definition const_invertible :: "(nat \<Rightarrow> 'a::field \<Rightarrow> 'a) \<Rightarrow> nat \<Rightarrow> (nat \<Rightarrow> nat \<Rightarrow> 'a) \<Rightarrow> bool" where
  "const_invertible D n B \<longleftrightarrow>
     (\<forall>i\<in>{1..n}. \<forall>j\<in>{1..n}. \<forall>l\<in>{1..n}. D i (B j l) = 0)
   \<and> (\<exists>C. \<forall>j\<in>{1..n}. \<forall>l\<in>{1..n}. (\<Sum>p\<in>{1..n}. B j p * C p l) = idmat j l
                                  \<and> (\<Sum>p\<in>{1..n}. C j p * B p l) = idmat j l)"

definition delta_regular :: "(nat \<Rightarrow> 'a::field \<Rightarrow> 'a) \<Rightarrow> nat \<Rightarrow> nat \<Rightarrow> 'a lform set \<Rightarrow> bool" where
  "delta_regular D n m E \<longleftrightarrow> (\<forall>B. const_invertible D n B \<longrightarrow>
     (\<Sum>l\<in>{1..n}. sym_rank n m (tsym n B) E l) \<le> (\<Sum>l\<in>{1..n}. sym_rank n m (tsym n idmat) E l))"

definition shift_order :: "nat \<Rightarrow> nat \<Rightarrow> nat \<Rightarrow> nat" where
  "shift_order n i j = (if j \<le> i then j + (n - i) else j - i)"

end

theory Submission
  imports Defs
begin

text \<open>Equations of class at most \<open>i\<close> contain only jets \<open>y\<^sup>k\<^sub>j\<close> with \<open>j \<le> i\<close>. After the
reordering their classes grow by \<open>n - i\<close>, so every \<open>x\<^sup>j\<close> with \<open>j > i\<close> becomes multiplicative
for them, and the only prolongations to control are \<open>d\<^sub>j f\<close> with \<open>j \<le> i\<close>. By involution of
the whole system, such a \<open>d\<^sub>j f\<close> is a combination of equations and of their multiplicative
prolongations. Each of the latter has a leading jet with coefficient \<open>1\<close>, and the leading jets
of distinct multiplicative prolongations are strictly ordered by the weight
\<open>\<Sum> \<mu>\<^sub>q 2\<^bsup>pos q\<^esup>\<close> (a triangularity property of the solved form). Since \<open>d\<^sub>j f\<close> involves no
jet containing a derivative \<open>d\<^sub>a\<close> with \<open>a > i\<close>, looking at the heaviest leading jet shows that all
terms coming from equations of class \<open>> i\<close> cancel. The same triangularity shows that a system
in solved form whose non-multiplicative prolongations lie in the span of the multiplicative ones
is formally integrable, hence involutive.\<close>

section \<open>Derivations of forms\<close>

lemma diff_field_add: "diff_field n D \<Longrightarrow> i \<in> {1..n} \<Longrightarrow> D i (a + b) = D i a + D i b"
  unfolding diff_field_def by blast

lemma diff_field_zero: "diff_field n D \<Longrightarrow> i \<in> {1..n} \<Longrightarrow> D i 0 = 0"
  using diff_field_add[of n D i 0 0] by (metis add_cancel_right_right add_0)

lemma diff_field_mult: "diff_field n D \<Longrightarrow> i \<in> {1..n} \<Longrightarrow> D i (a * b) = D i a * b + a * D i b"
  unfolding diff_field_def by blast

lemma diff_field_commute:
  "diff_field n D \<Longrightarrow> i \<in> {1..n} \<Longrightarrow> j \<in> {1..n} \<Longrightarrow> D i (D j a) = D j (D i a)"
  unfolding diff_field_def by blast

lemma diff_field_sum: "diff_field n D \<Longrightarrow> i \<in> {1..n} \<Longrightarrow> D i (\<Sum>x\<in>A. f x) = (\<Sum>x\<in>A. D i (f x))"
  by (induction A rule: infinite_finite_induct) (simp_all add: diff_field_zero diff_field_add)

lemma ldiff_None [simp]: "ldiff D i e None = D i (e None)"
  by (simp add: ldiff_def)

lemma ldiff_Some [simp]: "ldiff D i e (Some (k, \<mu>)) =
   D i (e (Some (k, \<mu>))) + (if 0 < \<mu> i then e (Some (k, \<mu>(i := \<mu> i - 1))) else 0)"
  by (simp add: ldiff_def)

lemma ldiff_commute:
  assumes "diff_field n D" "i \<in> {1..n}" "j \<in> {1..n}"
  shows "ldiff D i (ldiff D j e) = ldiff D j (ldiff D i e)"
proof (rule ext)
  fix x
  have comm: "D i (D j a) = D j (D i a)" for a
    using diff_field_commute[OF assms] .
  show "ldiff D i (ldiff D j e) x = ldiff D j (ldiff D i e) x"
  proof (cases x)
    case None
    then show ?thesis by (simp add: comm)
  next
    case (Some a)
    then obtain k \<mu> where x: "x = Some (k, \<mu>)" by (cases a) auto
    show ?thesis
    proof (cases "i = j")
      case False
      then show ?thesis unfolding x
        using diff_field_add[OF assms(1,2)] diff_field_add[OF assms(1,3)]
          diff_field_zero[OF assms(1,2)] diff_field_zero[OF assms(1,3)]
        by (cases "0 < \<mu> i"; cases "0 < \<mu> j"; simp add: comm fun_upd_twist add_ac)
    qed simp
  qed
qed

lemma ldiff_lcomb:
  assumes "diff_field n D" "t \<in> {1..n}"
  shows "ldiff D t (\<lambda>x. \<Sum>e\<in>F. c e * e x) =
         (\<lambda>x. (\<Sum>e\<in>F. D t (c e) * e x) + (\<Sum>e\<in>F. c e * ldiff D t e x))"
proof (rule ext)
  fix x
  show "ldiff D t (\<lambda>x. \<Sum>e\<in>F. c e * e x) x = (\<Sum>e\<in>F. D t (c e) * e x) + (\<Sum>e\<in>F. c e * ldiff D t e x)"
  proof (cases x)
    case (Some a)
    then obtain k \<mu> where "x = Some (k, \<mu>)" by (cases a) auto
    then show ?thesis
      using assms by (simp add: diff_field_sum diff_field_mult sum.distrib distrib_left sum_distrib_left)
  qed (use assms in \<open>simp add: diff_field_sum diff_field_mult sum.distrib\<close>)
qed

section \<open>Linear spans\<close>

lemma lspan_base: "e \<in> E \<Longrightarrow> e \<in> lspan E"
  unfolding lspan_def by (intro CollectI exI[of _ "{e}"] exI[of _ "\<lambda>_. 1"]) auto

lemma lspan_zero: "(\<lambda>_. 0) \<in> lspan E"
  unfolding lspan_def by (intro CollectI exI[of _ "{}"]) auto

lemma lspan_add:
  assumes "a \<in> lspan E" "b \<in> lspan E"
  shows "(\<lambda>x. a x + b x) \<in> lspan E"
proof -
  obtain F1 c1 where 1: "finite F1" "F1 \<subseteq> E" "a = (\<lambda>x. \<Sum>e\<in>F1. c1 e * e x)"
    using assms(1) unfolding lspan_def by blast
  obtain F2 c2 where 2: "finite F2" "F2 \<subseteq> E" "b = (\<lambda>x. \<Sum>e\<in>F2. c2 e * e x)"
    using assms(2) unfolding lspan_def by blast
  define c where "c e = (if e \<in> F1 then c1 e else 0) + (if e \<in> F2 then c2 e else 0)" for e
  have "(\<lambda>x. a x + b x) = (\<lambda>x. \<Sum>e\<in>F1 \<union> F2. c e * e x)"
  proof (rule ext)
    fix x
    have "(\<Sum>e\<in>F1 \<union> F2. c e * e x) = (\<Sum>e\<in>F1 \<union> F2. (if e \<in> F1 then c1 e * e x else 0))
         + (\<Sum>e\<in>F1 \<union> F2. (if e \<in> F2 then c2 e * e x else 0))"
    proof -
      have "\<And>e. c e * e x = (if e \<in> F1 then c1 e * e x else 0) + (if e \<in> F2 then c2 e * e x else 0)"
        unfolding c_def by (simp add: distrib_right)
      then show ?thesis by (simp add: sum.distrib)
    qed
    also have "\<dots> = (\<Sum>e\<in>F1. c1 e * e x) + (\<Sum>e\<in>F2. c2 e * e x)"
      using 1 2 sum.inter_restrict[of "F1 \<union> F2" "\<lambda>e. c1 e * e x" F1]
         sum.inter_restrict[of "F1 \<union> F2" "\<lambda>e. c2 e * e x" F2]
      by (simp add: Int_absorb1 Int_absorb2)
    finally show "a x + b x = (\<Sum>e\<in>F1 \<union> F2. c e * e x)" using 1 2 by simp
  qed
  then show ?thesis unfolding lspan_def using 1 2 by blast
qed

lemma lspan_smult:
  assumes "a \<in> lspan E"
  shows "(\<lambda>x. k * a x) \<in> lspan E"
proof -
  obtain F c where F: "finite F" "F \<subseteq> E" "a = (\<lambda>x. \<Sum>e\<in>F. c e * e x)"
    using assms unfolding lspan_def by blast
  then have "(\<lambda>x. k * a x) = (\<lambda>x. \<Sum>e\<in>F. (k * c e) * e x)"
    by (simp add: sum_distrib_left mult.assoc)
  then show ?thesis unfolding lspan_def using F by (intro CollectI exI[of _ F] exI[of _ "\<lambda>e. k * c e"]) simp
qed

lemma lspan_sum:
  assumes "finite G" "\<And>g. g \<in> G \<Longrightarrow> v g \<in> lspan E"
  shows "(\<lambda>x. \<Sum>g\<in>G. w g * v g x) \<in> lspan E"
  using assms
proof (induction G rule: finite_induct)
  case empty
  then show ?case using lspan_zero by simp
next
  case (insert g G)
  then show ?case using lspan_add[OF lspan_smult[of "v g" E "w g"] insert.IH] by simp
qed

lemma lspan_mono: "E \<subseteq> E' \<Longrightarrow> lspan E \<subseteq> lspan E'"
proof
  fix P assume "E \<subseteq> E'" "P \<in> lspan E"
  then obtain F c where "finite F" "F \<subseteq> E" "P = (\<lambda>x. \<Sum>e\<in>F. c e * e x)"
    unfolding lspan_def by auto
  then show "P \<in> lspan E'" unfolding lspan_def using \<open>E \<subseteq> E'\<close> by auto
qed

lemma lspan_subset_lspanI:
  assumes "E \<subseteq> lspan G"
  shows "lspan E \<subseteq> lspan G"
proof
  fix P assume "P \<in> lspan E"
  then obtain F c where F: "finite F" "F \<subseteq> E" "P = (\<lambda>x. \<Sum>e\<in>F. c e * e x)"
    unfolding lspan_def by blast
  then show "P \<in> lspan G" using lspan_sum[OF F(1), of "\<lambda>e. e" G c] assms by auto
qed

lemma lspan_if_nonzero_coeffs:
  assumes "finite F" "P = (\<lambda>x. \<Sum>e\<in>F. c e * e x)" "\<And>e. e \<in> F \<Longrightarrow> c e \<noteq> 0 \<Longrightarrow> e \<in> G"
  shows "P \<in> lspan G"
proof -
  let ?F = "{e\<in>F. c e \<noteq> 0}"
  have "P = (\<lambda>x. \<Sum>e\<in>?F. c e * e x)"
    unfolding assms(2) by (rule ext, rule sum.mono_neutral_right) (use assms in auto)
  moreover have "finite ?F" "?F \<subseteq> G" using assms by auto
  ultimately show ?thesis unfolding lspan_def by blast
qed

WORK TO COMPLETE - If a line of the listing above contains "triangularity", pick it out and copy it.

RESPONSE BOX -
\<open>\<Sum> \<mu>\<^sub>q 2\<^bsup>pos q\<^esup>\<close> (a triangularity property of the solved form). Since \<open>d\<^sub>j f\<close> involves no
terms coming from equations of class \<open>> i\<close> cancel. The same triangularity shows that a system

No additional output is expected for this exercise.